As of Monday morning there is still no verdict. Daily News
If found guilty does the court or the jury have much sentencing discretion? According to the current criminal code, it looks like the only possible sentence on either count is life without parole. Section 209a of the Calif. Penal Code prescribes life without parole in any kidnapping case in which the victim is held and detained or held for ransom if the kidnapping results in death of the victim. kidnapping code This would be true even if the jury does not necessarily believe Bill Cooks testimony that he did get a ransom note, which was subsequently lost. However, if the Penal Code in 1976 prescribed or allowed a lesser sentence, that code would apply. I'm not a lawyer and that would be beyond my couch potato research ability.
On the murder count, if the jury convicts and finds special circumstances, the only possible sentences are life without parole and death, but the prosecution has said it will not seek the death penalty.

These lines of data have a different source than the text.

(* For every $n\ge1$ and $\pi\in\mathfrak S_n$, \[\sum_{T_\sigma\in\mathrm{Orb}(T_\pi)} x^{\mathrm{as}(\sigma)}=x^{\mathrm{leaf}(T_\pi)}(1+x)^{\,n-\mathrm{leaf}(T_\pi)}.\]
   Context: All trees are rooted binary trees in which each child of a node is designated as a left or a right child. For a finite totally ordered set $Y$, a min–max tree on $Y$ is such a tree whose nodes are labeled bijectively by $Y$ so that the label of each node is either the minimum or the maximum of the labels in its subtree. A node with at least one child is inner; an inner node is a min-node (resp. max-node) if its label is the minimum (resp. maximum) of the labels of its subtree. An HR-tree is a min–max tree in which every inner node $s$ has a nonempty right subtree containing the maximum label of the subtree of $s$ if $s$ is a min-node, and the minimum label of that subtree if $s$ is a max-node. The reading word $w(T)$ is the in-order reading $w(T)=w(L)\,\ell\,w(R)$ ($\ell$ the root label, $L,R$ the left and right subtrees). The map $T\mapsto w(T)$ is a bijection from HR-trees labeled by $[n]$ onto $\mathfrak S_n$; $T_\pi$ denotes the HR-tree with $w(T_\pi)=\pi$. $\mathrm{leaf}(T)$ is the number of leaves of $T$. HR-action: for $i\in[n]$ and an HR-tree $T_\pi$, let $v$ be the node labeled $\pi_i$. If $v$ is a leaf, $\psi_i(T_\pi)=T_\pi$. Otherwise let $R$ be the set consisting of $\pi_i$ and the labels of the right subtree of $v$; relabel the nodes of $v$ and its right subtree, keeping the shape, so that $v$ receives $\max R$ if $v$ is a min-node and $\min R$ if $v$ is a max-node, and the nodes of the right subtree receive the remaining elements of $R$ by the order-preserving bijection from their old labels; all other labels are unchanged. The $\psi_i$ are pairwise commuting involutions, and $\mathrm{Orb}(T)$ denotes the set of all trees obtained from $T$ by compositions of the $\psi_i$. $\mathrm{as}(\pi)$ is the maximal length $k$ of a subsequence $\pi_{i_1}\cdots\pi_{i_k}$ ($i_1<\dots<i_k$) of $\pi$ with $\pi_{i_1}>\pi_{i_2}<\pi_{i_3}>\cdots$ (length $1$ allowed). *)

theory Defs
  imports "HOL-Library.Tree" "HOL-Library.Sublist" "HOL-Computational_Algebra.Polynomial"
begin

(* Binary trees: HOL-Library 'a tree; Leaf = empty tree, Node l a r = node labelled a
   with left subtree l and right subtree r. A "leaf" of the paper is Node Leaf a Leaf. *)

fun leaf_count :: "nat tree \<Rightarrow> nat" where
  "leaf_count Leaf = 0"
| "leaf_count (Node l a r) =
     (if l = Leaf \<and> r = Leaf then 1 else leaf_count l + leaf_count r)"

fun hr_cond :: "nat tree \<Rightarrow> bool" where
  "hr_cond Leaf = True"
| "hr_cond (Node l a r) =
     (hr_cond l \<and> hr_cond r \<and>
      (let S = set_tree (Node l a r) in
        (a = Min S \<or> a = Max S) \<and>
        ((l \<noteq> Leaf \<or> r \<noteq> Leaf) \<longrightarrow>
           r \<noteq> Leaf \<and>
           (if a = Min S then Max S \<in> set_tree r else Min S \<in> set_tree r))))"
theorem corollary3p7:
  fixes om :: "'i \<Rightarrow> 'i \<Rightarrow> 'k::real_normed_field"
    and M :: "('i \<Rightarrow> 'k) set"
  assumes evo: "\<forall>i. finite {k. om k i \<noteq> 0}"
    and sub: "M \<subseteq> evo_carrier" \<comment> \<open>not needed: ideals lie in the carrier by definition\<close>
    and nonzero: "M \<noteq> {0}"
    and proper: "M \<noteq> evo_carrier"
  shows "(modular_ideal om M \<longleftrightarrow>
           (\<exists>L0. L0 \<noteq> {} \<and> L0 \<noteq> UNIV \<and> M = lin_basis L0
              \<and> finite (UNIV - L0) \<and> UNIV - L0 \<subseteq> UNIV - Desc_set om L0
              \<and> (\<forall>i\<in>UNIV - L0. i \<in> Desc om i \<and> Desc om i - {i} \<subseteq> L0)))
       \<and> (\<forall>L0. L0 \<noteq> {} \<and> L0 \<noteq> UNIV \<and> M = lin_basis L0
              \<and> finite (UNIV - L0) \<and> UNIV - L0 \<subseteq> UNIV - Desc_set om L0
              \<and> (\<forall>i\<in>UNIV - L0. i \<in> Desc om i \<and> Desc om i - {i} \<subseteq> L0)
            \<longrightarrow> modular_unit om M (\<Sum>i\<in>UNIV - L0. smul (1 / om i i) (basis_vec i)))"
  unfolding descendent_conditions_iff_diagonal_rows
proof (intro conjI iffI allI impI)
  assume "modular_ideal om M"
  then obtain L where L: "M = lin_basis L" "finite (UNIV - L)" "\<forall>k\<in>UNIV - L. diagonal_row om k"
    by (rule modular_ideal_eq_lin_basis_diagonal_rows)
  moreover have "L \<noteq> {}"
    using nonzero unfolding L(1) by (rule contrapos_nn) (simp add: lin_basis_empty)
  moreover have "L \<noteq> UNIV"
    using proper unfolding L(1) by (rule contrapos_nn) (simp add: lin_basis_UNIV)
  ultimately show "\<exists>L. L \<noteq> {} \<and> L \<noteq> UNIV \<and> M = lin_basis L \<and> finite (UNIV - L)
      \<and> (\<forall>k\<in>UNIV - L. diagonal_row om k)" by (intro exI[of _ L]) simp
next
  assume "\<exists>L. L \<noteq> {} \<and> L \<noteq> UNIV \<and> M = lin_basis L \<and> finite (UNIV - L)
      \<and> (\<forall>k\<in>UNIV - L. diagonal_row om k)"
  then obtain L where L: "M = lin_basis L" "finite (UNIV - L)" "\<forall>k\<in>UNIV - L. diagonal_row om k"
    by auto
  have "om k j = 0" if "j \<in> L" "k \<notin> L" for j k
  proof (rule diagonal_row_off_diagonal[of om k j])
    show "diagonal_row om k" using L(3) that(2) by simp
    show "j \<noteq> k" using that by auto
  qed
  then have "evo_ideal om (lin_basis L)" by (rule evo_ideal_lin_basis[OF evo])
  moreover have "modular_unit om (lin_basis L) (\<Sum>i\<in>UNIV - L. smul (1 / om i i) (basis_vec i))"
    using L(2,3) by (rule modular_unit_lin_basis[OF evo])
  ultimately show "modular_ideal om M" unfolding modular_ideal_def L(1) by auto
next
  fix L assume "L \<noteq> {} \<and> L \<noteq> UNIV \<and> M = lin_basis L \<and> finite (UNIV - L)
      \<and> (\<forall>k\<in>UNIV - L. diagonal_row om k)"
  then show "modular_unit om M (\<Sum>i\<in>UNIV - L. smul (1 / om i i) (basis_vec i))"
    using modular_unit_lin_basis[OF evo] by simp
qed

end
(* Let $\Gamma$ be a maximal consistent set of SBTrust, $\delta$ a propositional formula, and $(\Delta,\varphi,i)\in S_\Gamma$. Then (a) if $(\Delta,\varphi,i)\in\mathit{max}([\delta]_\Gamma)$, then $\Delta$ is $\delta$-likely for $\Gamma$; (b) if $\Delta$ is $\delta$-likely for $\Gamma$, then $(\Delta,\delta,i)\in\mathit{max}([\delta]_\Gamma)$.
   Context: $\mathcal{L}_T$: $\alpha::=\varphi\mid\varphi\rightsquigarrow\varphi\mid B(\alpha)\mid\alpha*\alpha\mid\neg\alpha$, with $\varphi$ ranging over classical propositional formulas (set $\mathcal{L}_{CL}$) and $*\in\{\land,\lor,\to,\leftrightarrow\}$. SBTrust is the Hilbert system ($\varphi,\psi,\chi,\varphi_i,\psi_i$ propositional; $\alpha,\beta\in\mathcal{L}_T$; rule outputs in $\mathcal{L}_T$): classical tautologies and Modus Ponens; $\varphi\rightsquigarrow\varphi$; $(\varphi\rightsquigarrow\bot)\to\neg\varphi$; $((\psi\land\chi)\rightsquigarrow\varphi)\to(\psi\rightsquigarrow(\chi\to\varphi))$; $(\neg(\varphi\leftrightarrow\psi)\rightsquigarrow\bot)\to((\varphi\rightsquigarrow\chi)\leftrightarrow(\psi\rightsquigarrow\chi))$; rule RCK: from $(\varphi_1\land\dots\land\varphi_n)\to\varphi_{n+1}$ infer $\bigwedge_{j\le n}(\psi\rightsquigarrow\varphi_j)\to(\psi\rightsquigarrow\varphi_{n+1})$; rule $\mathbf{S5_F}$: from $(\ell_1\land\dots\land\ell_n)\to\chi$ infer $(\ell_1\land\dots\land\ell_n)\to(\neg\chi\rightsquigarrow\bot)$, each $\ell_j$ being $\varphi_j\rightsquigarrow\psi_j$ or its negation, $\chi$ propositional; $B(\alpha\to\beta)\to(B\alpha\to B\beta)$; $B\alpha\to\neg B\neg\alpha$; $B\alpha\to BB\alpha$; necessitation for $B$. A maximal consistent set (MCS) is $\Gamma\subseteq\mathcal{L}_T$ with $\Gamma\nvdash\bot$ and, for each $\alpha$, $\alpha\in\Gamma$ or $\neg\alpha\in\Gamma$. For MCSs, $\Gamma\leftrightsquigarrow\Delta$ iff they contain the same formulas of the form $\chi\rightsquigarrow\psi$; $[\Gamma]_\leftrightsquigarrow$ is the equivalence class. $\rightsquigarrow_\varphi(\Gamma)=\{\psi:\varphi\rightsquigarrow\psi\in\Gamma\}$, and $\Delta$ is $\varphi$-likely for $\Gamma$ if $\rightsquigarrow_\varphi(\Gamma)\subseteq\Delta$. Let $S_\Gamma=[\Gamma]_\leftrightsquigarrow\times\mathcal{L}_{CL}\times\{0,1,2\}$ and $[\delta]_\Gamma=\{(\Delta,\varphi,i)\in S_\Gamma:\delta\in\Delta\}$. Define $\succeq_\Gamma\subseteq S_\Gamma\times S_\Gamma$ by: $(\Delta,\varphi,i)\succeq_\Gamma(\Omega,\psi,j)$ iff ($\Delta$ is $\varphi$-likely for $\Gamma$ and $\varphi\in\Omega$) or ($i=1,j=0$) or ($i=2,j=1$) or ($i=0,j=2$). For $X\subseteq S_\Gamma$, $\mathit{max}(X)=\{x\in X:\forall y\in X\,(y\succeq_\Gamma x\Rightarrow x\succeq_\Gamma y)\}$. *)

theory Defs
  imports Main
begin
(* Let $E>0$ and let $(H_0,h)$ be one of (a) $H_0=E(\sigma_z\otimes I_2\otimes I_2+I_2\otimes\sigma_z\otimes I_2+I_2\otimes I_2\otimes\sigma_z)$, $h=E\sigma_z$; (b) $H_0=E\sum_{k=1}^3(\sigma_x^{(k)}+\sigma_y^{(k)})$, $h=E(\sigma_x+\sigma_y)$, where $\sigma^{(k)}$ denotes $\sigma$ acting on qubit $k$ and identity elsewhere. Set $H_A=H_B=H_C=h$. Let $H_{\mathrm{int}}$ be any Hermitian operator on $(\mathbb{C}^2)^{\otimes3}$ and $H=H_0+H_{\mathrm{int}}$. For any three-qubit density matrix $\varrho$ with single-qubit reduced states $\varrho_A,\varrho_B,\varrho_C$, if $\mathcal{C}(\varrho;H)\ge\mathcal{C}(\varrho;H_0)$ then $$\mathcal{C}(\varrho_A;H_A)+\mathcal{C}(\varrho_B;H_B)+\mathcal{C}(\varrho_C;H_C)\le\mathcal{C}(\varrho;H).$$
   Context: Quantum battery capacity: for Hermitian $H$ on $\mathbb{C}^d$ with eigenvalues $\epsilon_0\le\dots\le\epsilon_{d-1}$ and density matrix $\rho$ with eigenvalues $\lambda_0\le\dots\le\lambda_{d-1}$, $\mathcal{C}(\rho;H)=\sum_i\epsilon_i(\lambda_i-\lambda_{d-1-i})$. $\sigma_x,\sigma_y,\sigma_z$ are the Pauli matrices. *)

theory Defs
  imports "Jordan_Normal_Form.Char_Poly" "HOL-Computational_Algebra.Polynomial"
begin

definition mtrace :: "complex mat \<Rightarrow> complex" where
  "mtrace A = (\<Sum>i<dim_row A. A $$ (i, i))"

definition hermitian :: "complex mat \<Rightarrow> bool" where
  "hermitian A \<longleftrightarrow> square_mat A \<and>
     (\<forall>i<dim_row A. \<forall>j<dim_col A. A $$ (i, j) = cnj (A $$ (j, i)))"

definition psd :: "complex mat \<Rightarrow> bool" where
  "psd A \<longleftrightarrow> square_mat A \<and>
     (\<forall>v \<in> carrier_vec (dim_row A).
        (let q = (\<Sum>i<dim_row A. cnj (v $ i) * (A *\<^sub>v v) $ i) in q \<in> \<real> \<and> 0 \<le> Re q))"

definition density_matrix :: "nat \<Rightarrow> complex mat \<Rightarrow> bool" where
  "density_matrix d \<rho> \<longleftrightarrow> \<rho> \<in> carrier_mat d d \<and> hermitian \<rho> \<and> psd \<rho> \<and> mtrace \<rho> = 1"

definition kron :: "complex mat \<Rightarrow> complex mat \<Rightarrow> complex mat" where
  "kron A B = mat (dim_row A * dim_row B) (dim_col A * dim_col B)
     (\<lambda>(i, j). A $$ (i div dim_row B, j div dim_col B) * B $$ (i mod dim_row B, j mod dim_col B))"

text \<open>For a Hermitian matrix all roots of the characteristic
  polynomial are real, so taking real parts loses nothing.\<close>
definition eigvals_sorted :: "complex mat \<Rightarrow> real list" where
  "eigvals_sorted A = sorted_list_of_multiset (image_mset Re (proots (char_poly A)))"
(* The variety $\mathsf{V}(S_{(4,474)})$ is the ai-semiring variety defined by the identities $xy\approx yx$, $x^2y\approx xy$, $xy\approx xy+xyz$.
   Context: An ai-semiring is an algebra $(S,+,\cdot)$ with $(S,+)$ a semilattice, $(S,\cdot)$ a semigroup, and both distributive laws. $\mathsf{V}(S)$ is the variety generated by $S$; "the ai-semiring variety defined by identities $\Sigma$" is the class of all ai-semirings satisfying $\Sigma$. $S_{(4,474)}$ has carrier $\{1,2,3,4\}$; addition: $x+x=x$, $2+x=x$, $1+x=1$ for all $x$, $3+4=1$; multiplication (row $a$, column $b$ gives $a\cdot b$): row $1$: $3,2,3,3$; row $2$: $2,2,2,2$; row $3$: $3,2,3,3$; row $4$: $3,2,3,3$. *)

theory Defs
  imports Main
begin

definition ai_semiring :: "('a \<Rightarrow> 'a \<Rightarrow> 'a) \<Rightarrow> ('a \<Rightarrow> 'a \<Rightarrow> 'a) \<Rightarrow> bool" where
  "ai_semiring add mul \<longleftrightarrow>
     (\<forall>x. add x x = x) \<and>
     (\<forall>x y. add x y = add y x) \<and>
     (\<forall>x y z. add (add x y) z = add x (add y z)) \<and>
     (\<forall>x y z. mul (mul x y) z = mul x (mul y z)) \<and>
     (\<forall>x y z. mul x (add y z) = add (mul x y) (mul x z)) \<and>
     (\<forall>x y z. mul (add x y) z = add (mul x z) (mul y z))"

datatype trm = Var nat | Plus trm trm | Times trm trm

fun eval :: "('a \<Rightarrow> 'a \<Rightarrow> 'a) \<Rightarrow> ('a \<Rightarrow> 'a \<Rightarrow> 'a) \<Rightarrow> (nat \<Rightarrow> 'a) \<Rightarrow> trm \<Rightarrow> 'a" where
  "eval add mul v (Var n) = v n"
| "eval add mul v (Plus s t) = add (eval add mul v s) (eval add mul v t)"
| "eval add mul v (Times s t) = mul (eval add mul v s) (eval add mul v t)"

definition satisfies :: "('a \<Rightarrow> 'a \<Rightarrow> 'a) \<Rightarrow> ('a \<Rightarrow> 'a \<Rightarrow> 'a) \<Rightarrow> trm \<Rightarrow> trm \<Rightarrow> bool" where
  "satisfies add mul p q \<longleftrightarrow> (\<forall>v. eval add mul v p = eval add mul v q)"

text \<open>The semiring S_(4,474) on carrier {1,2,3,4}.\<close>
datatype s4 = E1 | E2 | E3 | E4

definition S_add :: "s4 \<Rightarrow> s4 \<Rightarrow> s4" where
  "S_add x y = (if x = y then x else if x = E2 then y else if y = E2 then x else E1)"

definition S_mul :: "s4 \<Rightarrow> s4 \<Rightarrow> s4" where
  "S_mul x y = (if x = E2 \<or> y = E2 then E2 else E3)"

text \<open>Membership in the variety V(S) generated by S: by Birkhoff's HSP theorem,
  V(S) is exactly the class of algebras satisfying every identity that holds in S.\<close>
definition in_V_S :: "('a \<Rightarrow> 'a \<Rightarrow> 'a) \<Rightarrow> ('a \<Rightarrow> 'a \<Rightarrow> 'a) \<Rightarrow> bool" where
  "in_V_S add mul \<longleftrightarrow> (\<forall>p q. satisfies S_add S_mul p q \<longrightarrow> satisfies add mul p q)"

abbreviation "tx \<equiv> Var 0"
abbreviation "ty \<equiv> Var 1"
abbreviation "tz \<equiv> Var 2"

end

theory Submission
  imports Defs
begin

text \<open>In a commutative ai-semiring with \<open>x\<^sup>2y = xy\<close>, a product of at least two factors depends
  only on the set \<open>A\<close> of variables in it and equals \<open>\<Prod>a\<in>A. a\<^sup>2\<close>; by \<open>xy = xy + xyz\<close> this
  monomial lies below every monomial over a nonempty subset of \<open>A\<close>. Expanding a term by
  distributivity therefore gives \<open>\<Sum>x\<in>L. x + \<Sum>A\<in>M. \<Prod>a\<in>A. a\<^sup>2\<close>, whose value depends only on
  the set \<open>L\<close> of variables occurring as summands and on the minimal members of \<open>M\<close>.
  Valuations of S(4,474) into \<open>{2, 4}\<close> detect both: a variable of \<open>L\<close> sent to 4 makes the value
  4 or 1, while a monomial all of whose variables are sent to 4 contributes 3, and any monomial
  containing a variable sent to 2 vanishes. So an identity of S(4,474) relates two terms with the
  same \<open>L\<close> and the same minimal members of \<open>M\<close>.\<close>

lemma (in comm_monoid_set) insert_idem:
  assumes "finite A" and "g x \<^bold>* g x = g x"
  shows "F g (insert x A) = g x \<^bold>* F g A"
proof (cases "x \<in> A")
  case True
  then show ?thesis
    using remove[OF assms(1) True] assms(2) by (simp add: insert_absorb flip: assoc)
qed (simp add: assms(1))

lemma (in comm_monoid_set) union_idem:
  assumes "finite A" and "finite B" and "\<And>x. x \<in> A \<Longrightarrow> g x \<^bold>* g x = g x"
  shows "F g (A \<union> B) = F g A \<^bold>* F g B"
  using assms by (induction A rule: finite_induct) (simp_all add: insert_idem assoc)

definition option_mul :: "('a \<Rightarrow> 'a \<Rightarrow> 'a) \<Rightarrow> 'a option \<Rightarrow> 'a option \<Rightarrow> 'a option" where
  "option_mul f a b =
     (case (a, b) of (Some x, Some y) \<Rightarrow> Some (f x y) | (None, _) \<Rightarrow> b | (_, None) \<Rightarrow> a)"

lemma option_mul_simps [simp]:
  "option_mul f None b = b"
  "option_mul f a None = a"
  "option_mul f (Some x) (Some y) = Some (f x y)"
  by (simp_all add: option_mul_def split: option.split)

lemma (in abel_semigroup) comm_monoid_option_mul: "comm_monoid (option_mul f) None"
proof
  fix a b c :: "'a option"
  show "option_mul f (option_mul f a b) c = option_mul f a (option_mul f b c)"
    by (cases a; cases b; cases c) (simp_all add: assoc)
  show "option_mul f a b = option_mul f b a"
    by (cases a; cases b) (simp_all add: commute)
qed simp

lemma image_split_Times_image:
  "(\<lambda>(a, b). h a b) ` (f ` A \<times> g ` B) = (\<lambda>(x, y). h (f x) (g y)) ` (A \<times> B)"
  by (auto simp: image_iff)

subsection \<open>Normal forms of terms\<close>

fun supports :: "trm \<Rightarrow> nat set set" where
  "supports (Var n) = {{n}}"
| "supports (Plus s t) = supports s \<union> supports t"
| "supports (Times s t) = (\<lambda>(A, B). A \<union> B) ` (supports s \<times> supports t)"

fun linear_vars :: "trm \<Rightarrow> nat set" where
  "linear_vars (Var n) = {n}"
| "linear_vars (Plus s t) = linear_vars s \<union> linear_vars t"
| "linear_vars (Times s t) = {}"

fun monomials :: "trm \<Rightarrow> nat set set" where
  "monomials (Var n) = {}"
| "monomials (Plus s t) = monomials s \<union> monomials t"
| "monomials (Times s t) = supports (Times s t)"

lemma supports_eq: "supports t = monomials t \<union> (\<lambda>x. {x}) ` linear_vars t"
  by (induction t) auto

lemma supports_finite_nonempty:
  "finite (supports t) \<and> supports t \<noteq> {} \<and> (\<forall>A\<in>supports t. finite A \<and> A \<noteq> {})"
  by (induction t) auto

lemma finite_linear_vars: "finite (linear_vars t)"
  by (induction t) auto

lemma finite_monomials: "finite (monomials t)"
  using supports_finite_nonempty[of t] by (simp add: supports_eq)

lemma monomials_finite_nonempty: "A \<in> monomials t \<Longrightarrow> finite A \<and> A \<noteq> {}"
  using supports_finite_nonempty[of t] by (simp add: supports_eq)
lemma abs_gt_diff_le:
  assumes "M * t + lnorm x + lnorm h \<le> R"
  shows "\<bar>gt p t \<eta> x i - gt p t \<eta> (x - h) i\<bar>
    \<le> (\<Sum>y\<in>lball R. \<bar>conv_pow t (y - x) - conv_pow t (y - (x - h))\<bar> * norm (\<eta> y))"
proof -
  have "M * t + lnorm x \<le> R" "M * t + lnorm (x - h) \<le> R"
    using assms lnorm_nonneg[of h] lnorm_diff_le[of x h] by linarith+
  then have "\<bar>gt p t \<eta> x i - gt p t \<eta> (x - h) i\<bar>
      = \<bar>\<Sum>y\<in>lball R. (conv_pow t (y - x) - conv_pow t (y - (x - h))) * (\<eta> y $ i)\<bar>"
    by (simp add: gt_eq_sum_lball sum_subtractf left_diff_distrib)
  also have "\<dots> \<le> (\<Sum>y\<in>lball R. \<bar>(conv_pow t (y - x) - conv_pow t (y - (x - h))) * (\<eta> y $ i)\<bar>)"
    by (rule sum_abs)
  also have "\<dots> \<le> (\<Sum>y\<in>lball R. \<bar>conv_pow t (y - x) - conv_pow t (y - (x - h))\<bar> * norm (\<eta> y))"
    by (intro sum_mono)
      (simp add: abs_mult mult_left_mono component_le_norm_cart[of "\<eta> _" i, unfolded real_norm_def])
  finally show ?thesis .
qed
text \<open>If the total gain \<open>G\<close> were positive, every action \<open>b\<close> used by \<open>\<gamma>\<close> would have gain
  \<open>\<gamma> b * G > 0\<close>, so averaging \<open>J - action_value\<close> against \<open>\<gamma>\<close>, which gives 0 by the Bellman
  equation, would give \<open>G * (\<Sum>b. \<gamma> b\<^sup>2) > 0\<close>.\<close>

lemma no_better_action_if_nash_fixpoint:
  assumes "\<gamma> \<in> JP" "nash_map \<gamma> = \<gamma>" "a \<in> A i"
  shows "J i \<gamma> x \<le> action_value \<gamma> i (J i \<gamma>) x a"
proof -
  define G where "G = (\<Sum>b\<in>A i. gain \<gamma> i x b)"
  define Q where "Q b = action_value \<gamma> i (J i \<gamma>) x b" for b
  have pol: "is_policy (A i) (\<gamma> i)" using assms(1) by (simp add: joint_policies_def)
  have avg: "(\<Sum>b\<in>A i. \<gamma> i x b * (J i \<gamma> x - Q b)) = 0"
    using sum_policy_action_value[OF assms(1)] is_policy_sum[OF pol]
    by (simp add: Q_def right_diff_distrib sum_subtractf flip: sum_distrib_right)
  have squares: "0 < (\<Sum>b\<in>A i. \<gamma> i x b ^ 2)"
  proof -
    obtain b where "b \<in> A i" "\<gamma> i x b \<noteq> 0"
      using is_policy_sum[OF pol, of x] by (metis sum.neutral zero_neq_one)
    then show ?thesis by (intro sum_pos2[of _ b]) (auto simp: finite_actions)
  qed
  have weighted: "\<gamma> i x b * (J i \<gamma> x - Q b) = G * \<gamma> i x b ^ 2" if "G > 0" "b \<in> A i" for b
  proof (cases "\<gamma> i x b = 0")
    case False
    then have "0 < \<gamma> i x b" using is_policy_nonneg[OF pol, of x b] by simp
    then have "J i \<gamma> x - Q b = \<gamma> i x b * G"
      using gain_eq_if_nash_fixpoint[OF assms(2) that(2), of x] mult_pos_pos[OF _ \<open>G > 0\<close>]
      by (auto simp: gain_def Q_def G_def max_def split: if_splits)
    then show ?thesis by (simp add: power2_eq_square)
  qed simp
  have "\<not> G > 0"
  proof
    assume "G > 0"
    then have "(\<Sum>b\<in>A i. \<gamma> i x b * (J i \<gamma> x - Q b)) = G * (\<Sum>b\<in>A i. \<gamma> i x b ^ 2)"
      using weighted by (simp add: sum_distrib_left)
    with avg squares \<open>G > 0\<close> show False by simp
  qed
  then have "G = 0" using sum_gain_nonneg[of \<gamma> i x] by (simp add: G_def)
  then show ?thesis
    using gain_eq_if_nash_fixpoint[OF assms(2,3), of x] by (simp add: G_def gain_def)
qed

lemma equilibrium_if_nash_fixpoint:
  "\<gamma> \<in> JP \<Longrightarrow> nash_map \<gamma> = \<gamma> \<Longrightarrow> eps \<ge> 0 \<Longrightarrow> is_equilibrium A c beta P eps \<gamma>"
  by (intro equilibrium_if_no_better_action no_better_action_if_nash_fixpoint)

Section 190.2 of the Cal. Penal Code defines most of the special circumstances. special circumstances (scroll down) The one that would certainly apply to this case is number 10. The victim was killed to keep him from talking. Also, number 1, that the victim was killed for financial gain, would apply if the jury believes that they were trying to get money from the Cook family. Again, if the law was different in 1976, the penalty could be different.
Would Nelson actually stay in prison until he is taken out feet first? Since the law giving the court the option of death or life without parole was enacted, I don't think anyone has been released. Governor Gray Davis didn't even release anyone with a 25 to life sentence, for fear of being attacked as a liberal wuss. However, I wouldn't count on it. The state is under a court order to reduce the prison inmate population and one report recommends that people who have served 20 years and are over 60 years old be considered for release even if their crime was murder (but not sex predators). I'm not optimistic about the California economy, and it is likely that the prison problems we have now will be as bad or worse in 20 years.
Another possibility is that the court will offer Nelson a post-conviction deal to testify against Suzanne Aubrey and any other possible defendants. This would make sense for the prosecution, because their case against Aubrey is not as strong.